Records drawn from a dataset
┄┄┄┄┄┄

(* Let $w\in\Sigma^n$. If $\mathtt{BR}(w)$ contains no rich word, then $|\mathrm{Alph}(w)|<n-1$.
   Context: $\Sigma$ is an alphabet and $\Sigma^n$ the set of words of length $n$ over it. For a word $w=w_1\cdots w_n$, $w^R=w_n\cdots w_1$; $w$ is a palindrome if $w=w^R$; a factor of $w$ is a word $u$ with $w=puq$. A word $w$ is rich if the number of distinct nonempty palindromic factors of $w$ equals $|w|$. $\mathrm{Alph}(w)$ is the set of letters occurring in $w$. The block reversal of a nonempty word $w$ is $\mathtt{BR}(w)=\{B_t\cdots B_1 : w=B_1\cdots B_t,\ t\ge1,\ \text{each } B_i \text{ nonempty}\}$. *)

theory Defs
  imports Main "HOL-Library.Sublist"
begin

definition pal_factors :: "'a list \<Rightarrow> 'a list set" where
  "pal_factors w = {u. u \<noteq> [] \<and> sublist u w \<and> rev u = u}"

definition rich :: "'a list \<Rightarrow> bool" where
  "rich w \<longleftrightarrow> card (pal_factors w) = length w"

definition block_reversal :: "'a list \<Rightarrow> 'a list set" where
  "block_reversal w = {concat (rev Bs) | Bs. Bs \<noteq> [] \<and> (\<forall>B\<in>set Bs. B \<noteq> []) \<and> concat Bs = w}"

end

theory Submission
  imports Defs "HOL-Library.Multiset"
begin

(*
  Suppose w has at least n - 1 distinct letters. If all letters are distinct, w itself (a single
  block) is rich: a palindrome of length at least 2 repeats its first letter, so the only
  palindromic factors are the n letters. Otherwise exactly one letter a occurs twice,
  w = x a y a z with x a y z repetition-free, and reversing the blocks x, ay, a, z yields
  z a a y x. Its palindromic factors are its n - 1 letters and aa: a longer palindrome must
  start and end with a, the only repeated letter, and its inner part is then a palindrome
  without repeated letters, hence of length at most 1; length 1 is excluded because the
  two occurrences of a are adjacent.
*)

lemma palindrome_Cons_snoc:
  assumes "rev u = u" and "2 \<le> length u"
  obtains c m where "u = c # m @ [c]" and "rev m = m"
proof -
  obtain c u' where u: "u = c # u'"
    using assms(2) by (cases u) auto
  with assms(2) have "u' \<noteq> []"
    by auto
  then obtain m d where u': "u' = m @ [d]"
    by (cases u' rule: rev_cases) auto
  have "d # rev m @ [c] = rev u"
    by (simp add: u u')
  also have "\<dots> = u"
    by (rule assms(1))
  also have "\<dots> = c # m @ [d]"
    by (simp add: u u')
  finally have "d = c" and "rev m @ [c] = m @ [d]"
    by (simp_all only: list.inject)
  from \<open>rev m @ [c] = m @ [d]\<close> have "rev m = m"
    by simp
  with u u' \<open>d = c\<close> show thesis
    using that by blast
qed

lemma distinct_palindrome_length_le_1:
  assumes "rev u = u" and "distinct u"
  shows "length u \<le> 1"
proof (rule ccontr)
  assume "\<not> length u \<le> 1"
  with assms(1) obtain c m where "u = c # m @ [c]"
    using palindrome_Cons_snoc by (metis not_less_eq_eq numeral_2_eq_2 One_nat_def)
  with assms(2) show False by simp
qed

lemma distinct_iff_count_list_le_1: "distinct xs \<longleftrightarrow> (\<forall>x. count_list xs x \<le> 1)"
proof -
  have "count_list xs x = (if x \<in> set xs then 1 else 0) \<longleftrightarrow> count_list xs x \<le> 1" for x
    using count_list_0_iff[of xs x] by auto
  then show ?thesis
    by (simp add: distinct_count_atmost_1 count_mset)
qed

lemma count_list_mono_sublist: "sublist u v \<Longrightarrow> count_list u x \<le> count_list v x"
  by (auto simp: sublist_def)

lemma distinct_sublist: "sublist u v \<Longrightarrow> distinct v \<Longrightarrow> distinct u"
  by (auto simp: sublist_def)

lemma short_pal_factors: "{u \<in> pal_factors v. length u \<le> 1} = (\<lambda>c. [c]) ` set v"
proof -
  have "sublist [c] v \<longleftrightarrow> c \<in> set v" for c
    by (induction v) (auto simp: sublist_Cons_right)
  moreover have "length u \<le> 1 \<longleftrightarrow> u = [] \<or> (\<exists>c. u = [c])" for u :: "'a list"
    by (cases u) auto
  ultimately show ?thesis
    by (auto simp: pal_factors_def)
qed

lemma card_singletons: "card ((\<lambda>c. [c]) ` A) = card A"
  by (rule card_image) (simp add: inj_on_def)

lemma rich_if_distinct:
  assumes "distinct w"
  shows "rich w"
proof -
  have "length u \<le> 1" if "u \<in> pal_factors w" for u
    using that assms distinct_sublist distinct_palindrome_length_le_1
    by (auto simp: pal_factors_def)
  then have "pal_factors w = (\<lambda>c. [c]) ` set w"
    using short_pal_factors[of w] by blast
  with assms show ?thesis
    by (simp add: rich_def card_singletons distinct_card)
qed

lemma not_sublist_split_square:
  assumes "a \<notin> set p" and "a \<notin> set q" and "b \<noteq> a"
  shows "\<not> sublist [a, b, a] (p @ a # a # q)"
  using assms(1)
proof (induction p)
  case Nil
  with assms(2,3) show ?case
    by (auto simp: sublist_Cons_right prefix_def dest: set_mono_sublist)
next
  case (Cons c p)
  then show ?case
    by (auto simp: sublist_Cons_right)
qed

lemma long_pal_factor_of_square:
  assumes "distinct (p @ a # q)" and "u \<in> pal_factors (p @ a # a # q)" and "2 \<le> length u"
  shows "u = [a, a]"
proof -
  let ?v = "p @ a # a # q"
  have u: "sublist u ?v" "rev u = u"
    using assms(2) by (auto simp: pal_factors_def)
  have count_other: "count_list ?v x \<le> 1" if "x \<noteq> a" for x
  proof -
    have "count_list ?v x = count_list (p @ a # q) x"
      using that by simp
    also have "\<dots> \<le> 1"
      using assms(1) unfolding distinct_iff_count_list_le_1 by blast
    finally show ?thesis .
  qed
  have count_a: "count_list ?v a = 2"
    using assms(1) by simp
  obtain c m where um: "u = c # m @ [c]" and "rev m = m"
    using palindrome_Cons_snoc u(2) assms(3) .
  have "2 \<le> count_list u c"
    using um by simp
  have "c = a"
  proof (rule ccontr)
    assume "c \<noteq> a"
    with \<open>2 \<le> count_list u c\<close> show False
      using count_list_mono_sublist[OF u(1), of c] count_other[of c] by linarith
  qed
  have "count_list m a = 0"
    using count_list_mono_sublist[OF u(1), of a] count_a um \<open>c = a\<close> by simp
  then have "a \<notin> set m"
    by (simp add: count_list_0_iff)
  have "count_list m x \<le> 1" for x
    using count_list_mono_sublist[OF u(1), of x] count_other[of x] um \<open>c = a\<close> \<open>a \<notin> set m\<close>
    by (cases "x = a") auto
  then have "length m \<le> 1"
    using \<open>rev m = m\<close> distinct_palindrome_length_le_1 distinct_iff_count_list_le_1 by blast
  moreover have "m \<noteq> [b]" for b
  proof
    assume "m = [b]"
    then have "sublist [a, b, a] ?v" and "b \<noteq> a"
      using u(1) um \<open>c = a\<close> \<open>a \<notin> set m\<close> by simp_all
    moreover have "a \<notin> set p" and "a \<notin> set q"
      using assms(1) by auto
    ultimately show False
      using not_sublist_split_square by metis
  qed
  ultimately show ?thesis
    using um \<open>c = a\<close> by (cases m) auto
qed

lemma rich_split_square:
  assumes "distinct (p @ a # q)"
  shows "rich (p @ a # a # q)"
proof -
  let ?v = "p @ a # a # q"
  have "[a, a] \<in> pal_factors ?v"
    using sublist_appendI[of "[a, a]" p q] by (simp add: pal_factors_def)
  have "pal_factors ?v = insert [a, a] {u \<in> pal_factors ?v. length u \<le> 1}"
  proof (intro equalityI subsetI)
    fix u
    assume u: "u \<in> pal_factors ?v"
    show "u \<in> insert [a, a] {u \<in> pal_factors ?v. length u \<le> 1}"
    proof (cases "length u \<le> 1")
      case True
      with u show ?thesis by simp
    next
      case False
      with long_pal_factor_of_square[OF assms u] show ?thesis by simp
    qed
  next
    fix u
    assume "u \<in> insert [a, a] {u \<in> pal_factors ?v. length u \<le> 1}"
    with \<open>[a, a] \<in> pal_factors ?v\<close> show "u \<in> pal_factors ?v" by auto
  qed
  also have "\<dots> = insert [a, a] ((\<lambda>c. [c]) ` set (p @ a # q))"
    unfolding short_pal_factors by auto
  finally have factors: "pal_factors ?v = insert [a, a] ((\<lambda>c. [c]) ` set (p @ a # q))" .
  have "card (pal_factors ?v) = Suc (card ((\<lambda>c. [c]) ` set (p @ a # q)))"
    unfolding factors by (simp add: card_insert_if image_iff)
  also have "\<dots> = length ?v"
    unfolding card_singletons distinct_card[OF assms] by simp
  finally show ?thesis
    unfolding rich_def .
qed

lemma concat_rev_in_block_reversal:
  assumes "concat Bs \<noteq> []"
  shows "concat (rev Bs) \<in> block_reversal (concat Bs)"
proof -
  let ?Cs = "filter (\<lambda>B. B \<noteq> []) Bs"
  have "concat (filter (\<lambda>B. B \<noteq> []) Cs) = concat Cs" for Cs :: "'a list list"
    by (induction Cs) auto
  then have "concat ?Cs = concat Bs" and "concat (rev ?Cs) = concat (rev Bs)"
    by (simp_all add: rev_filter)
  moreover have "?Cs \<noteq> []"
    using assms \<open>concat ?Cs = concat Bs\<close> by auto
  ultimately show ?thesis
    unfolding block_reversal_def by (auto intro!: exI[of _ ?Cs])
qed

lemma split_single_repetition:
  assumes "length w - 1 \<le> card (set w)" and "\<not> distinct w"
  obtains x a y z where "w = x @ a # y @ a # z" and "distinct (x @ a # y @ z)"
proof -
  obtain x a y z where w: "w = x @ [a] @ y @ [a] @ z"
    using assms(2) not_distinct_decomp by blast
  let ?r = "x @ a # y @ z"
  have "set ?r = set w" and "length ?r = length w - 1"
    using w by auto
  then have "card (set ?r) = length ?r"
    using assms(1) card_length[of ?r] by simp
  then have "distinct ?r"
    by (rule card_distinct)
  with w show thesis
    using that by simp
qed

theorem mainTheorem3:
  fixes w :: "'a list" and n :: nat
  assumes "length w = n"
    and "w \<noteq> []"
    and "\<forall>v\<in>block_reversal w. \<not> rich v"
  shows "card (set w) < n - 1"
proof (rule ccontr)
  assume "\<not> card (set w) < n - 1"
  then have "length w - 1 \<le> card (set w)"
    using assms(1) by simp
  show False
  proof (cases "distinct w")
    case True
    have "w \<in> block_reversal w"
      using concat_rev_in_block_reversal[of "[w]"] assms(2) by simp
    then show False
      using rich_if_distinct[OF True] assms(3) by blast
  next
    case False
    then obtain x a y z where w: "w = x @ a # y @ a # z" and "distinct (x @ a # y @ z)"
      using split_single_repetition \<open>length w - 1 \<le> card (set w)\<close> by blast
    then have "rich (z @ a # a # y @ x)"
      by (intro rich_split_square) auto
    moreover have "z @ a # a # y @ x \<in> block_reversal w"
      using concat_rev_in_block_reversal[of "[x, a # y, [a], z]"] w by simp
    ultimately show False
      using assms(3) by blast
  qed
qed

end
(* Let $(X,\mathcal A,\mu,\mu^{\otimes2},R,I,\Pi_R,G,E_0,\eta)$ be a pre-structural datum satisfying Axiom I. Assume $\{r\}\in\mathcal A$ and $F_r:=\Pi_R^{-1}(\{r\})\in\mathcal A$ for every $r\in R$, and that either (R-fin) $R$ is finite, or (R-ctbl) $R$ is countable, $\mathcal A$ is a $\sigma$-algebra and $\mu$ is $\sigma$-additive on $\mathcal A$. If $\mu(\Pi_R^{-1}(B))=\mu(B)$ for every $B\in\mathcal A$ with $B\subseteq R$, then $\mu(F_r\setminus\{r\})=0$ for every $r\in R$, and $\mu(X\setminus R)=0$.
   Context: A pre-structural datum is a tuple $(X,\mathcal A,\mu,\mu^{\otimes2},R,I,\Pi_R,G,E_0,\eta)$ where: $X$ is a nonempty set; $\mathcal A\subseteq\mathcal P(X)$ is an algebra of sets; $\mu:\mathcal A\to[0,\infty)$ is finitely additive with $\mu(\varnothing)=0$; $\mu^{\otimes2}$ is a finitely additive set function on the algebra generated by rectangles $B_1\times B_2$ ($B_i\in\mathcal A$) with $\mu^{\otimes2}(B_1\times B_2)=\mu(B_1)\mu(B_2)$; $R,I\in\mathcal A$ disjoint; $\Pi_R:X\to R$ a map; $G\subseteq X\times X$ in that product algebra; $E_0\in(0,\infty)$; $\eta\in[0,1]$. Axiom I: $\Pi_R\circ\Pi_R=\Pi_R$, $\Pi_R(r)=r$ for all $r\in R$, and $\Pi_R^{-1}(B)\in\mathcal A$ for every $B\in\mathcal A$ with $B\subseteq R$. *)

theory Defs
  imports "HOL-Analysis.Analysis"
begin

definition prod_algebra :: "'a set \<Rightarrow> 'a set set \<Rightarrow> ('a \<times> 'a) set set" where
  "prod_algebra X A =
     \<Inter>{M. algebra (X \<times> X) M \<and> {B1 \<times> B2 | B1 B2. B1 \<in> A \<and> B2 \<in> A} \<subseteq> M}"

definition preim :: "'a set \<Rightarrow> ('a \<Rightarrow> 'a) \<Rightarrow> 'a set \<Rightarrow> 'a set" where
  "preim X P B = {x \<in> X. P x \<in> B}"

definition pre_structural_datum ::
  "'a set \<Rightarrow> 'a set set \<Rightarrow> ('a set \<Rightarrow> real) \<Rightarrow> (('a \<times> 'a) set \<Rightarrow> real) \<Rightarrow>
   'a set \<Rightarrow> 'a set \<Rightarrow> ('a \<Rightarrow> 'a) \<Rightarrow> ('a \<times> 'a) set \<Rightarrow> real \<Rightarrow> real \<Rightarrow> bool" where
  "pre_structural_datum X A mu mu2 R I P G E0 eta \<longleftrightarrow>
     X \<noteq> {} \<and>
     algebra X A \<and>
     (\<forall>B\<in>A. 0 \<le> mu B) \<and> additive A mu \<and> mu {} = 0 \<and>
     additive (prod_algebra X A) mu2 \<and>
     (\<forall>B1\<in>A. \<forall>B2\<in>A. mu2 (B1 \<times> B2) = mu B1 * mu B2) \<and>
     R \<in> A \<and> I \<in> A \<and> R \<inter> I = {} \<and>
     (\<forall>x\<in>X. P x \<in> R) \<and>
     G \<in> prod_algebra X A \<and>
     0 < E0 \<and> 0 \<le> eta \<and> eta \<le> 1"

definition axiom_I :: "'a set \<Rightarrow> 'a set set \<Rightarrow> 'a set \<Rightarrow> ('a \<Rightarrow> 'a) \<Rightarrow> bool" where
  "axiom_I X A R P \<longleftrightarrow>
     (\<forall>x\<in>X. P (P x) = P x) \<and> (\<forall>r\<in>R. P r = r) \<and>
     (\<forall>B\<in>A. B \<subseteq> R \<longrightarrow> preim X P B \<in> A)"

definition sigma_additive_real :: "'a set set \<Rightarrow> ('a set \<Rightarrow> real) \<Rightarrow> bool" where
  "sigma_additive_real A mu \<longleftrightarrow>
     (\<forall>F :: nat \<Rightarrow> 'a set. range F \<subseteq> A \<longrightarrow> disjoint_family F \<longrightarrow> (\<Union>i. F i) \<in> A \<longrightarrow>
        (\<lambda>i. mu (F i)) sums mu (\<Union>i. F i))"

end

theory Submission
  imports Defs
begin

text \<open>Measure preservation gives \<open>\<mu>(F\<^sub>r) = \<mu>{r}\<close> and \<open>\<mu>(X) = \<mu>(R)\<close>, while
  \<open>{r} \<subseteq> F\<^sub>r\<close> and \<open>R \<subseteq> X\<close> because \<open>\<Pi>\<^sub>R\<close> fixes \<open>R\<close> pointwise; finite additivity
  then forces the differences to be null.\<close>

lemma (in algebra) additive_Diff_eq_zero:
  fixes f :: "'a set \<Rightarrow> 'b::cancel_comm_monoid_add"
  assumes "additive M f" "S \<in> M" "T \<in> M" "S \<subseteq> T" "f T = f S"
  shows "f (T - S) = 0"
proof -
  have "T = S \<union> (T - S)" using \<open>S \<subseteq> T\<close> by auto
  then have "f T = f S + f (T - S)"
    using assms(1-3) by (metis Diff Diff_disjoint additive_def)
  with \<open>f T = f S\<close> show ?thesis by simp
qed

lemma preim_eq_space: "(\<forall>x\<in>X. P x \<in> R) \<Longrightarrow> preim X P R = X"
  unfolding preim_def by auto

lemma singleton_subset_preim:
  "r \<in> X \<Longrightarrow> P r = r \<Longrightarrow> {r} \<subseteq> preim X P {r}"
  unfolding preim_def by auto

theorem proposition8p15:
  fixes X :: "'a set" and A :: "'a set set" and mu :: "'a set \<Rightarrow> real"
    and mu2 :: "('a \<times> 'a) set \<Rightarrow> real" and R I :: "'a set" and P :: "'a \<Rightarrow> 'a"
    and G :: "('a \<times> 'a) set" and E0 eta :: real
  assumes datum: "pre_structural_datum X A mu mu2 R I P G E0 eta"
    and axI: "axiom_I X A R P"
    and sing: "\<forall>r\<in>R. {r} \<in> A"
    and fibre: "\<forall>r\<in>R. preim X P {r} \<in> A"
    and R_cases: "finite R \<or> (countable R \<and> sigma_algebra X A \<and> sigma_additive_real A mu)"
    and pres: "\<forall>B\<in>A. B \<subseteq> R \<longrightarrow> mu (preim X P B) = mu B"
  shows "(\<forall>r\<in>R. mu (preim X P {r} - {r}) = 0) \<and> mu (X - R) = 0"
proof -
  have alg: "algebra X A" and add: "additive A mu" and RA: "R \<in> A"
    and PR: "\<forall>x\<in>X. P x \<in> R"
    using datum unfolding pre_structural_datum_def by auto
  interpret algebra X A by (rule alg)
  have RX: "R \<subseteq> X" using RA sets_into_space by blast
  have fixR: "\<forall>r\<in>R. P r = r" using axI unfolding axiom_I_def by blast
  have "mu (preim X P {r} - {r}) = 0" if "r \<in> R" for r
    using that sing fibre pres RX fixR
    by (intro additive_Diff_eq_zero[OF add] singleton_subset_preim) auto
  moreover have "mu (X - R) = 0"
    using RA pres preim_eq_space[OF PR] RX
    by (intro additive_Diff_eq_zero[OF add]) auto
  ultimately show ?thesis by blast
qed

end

┄┄┄┄┄┄

When you find a line in the records that contains the word "rule", copy it.

    by (cases u' rule: rev_cases) auto
    by (rule assms(1))
proof (rule ccontr)
  by (rule card_image) (simp add: inj_on_def)
  proof (rule ccontr)
    by (rule card_distinct)
proof (rule ccontr)
  interpret algebra X A by (rule alg)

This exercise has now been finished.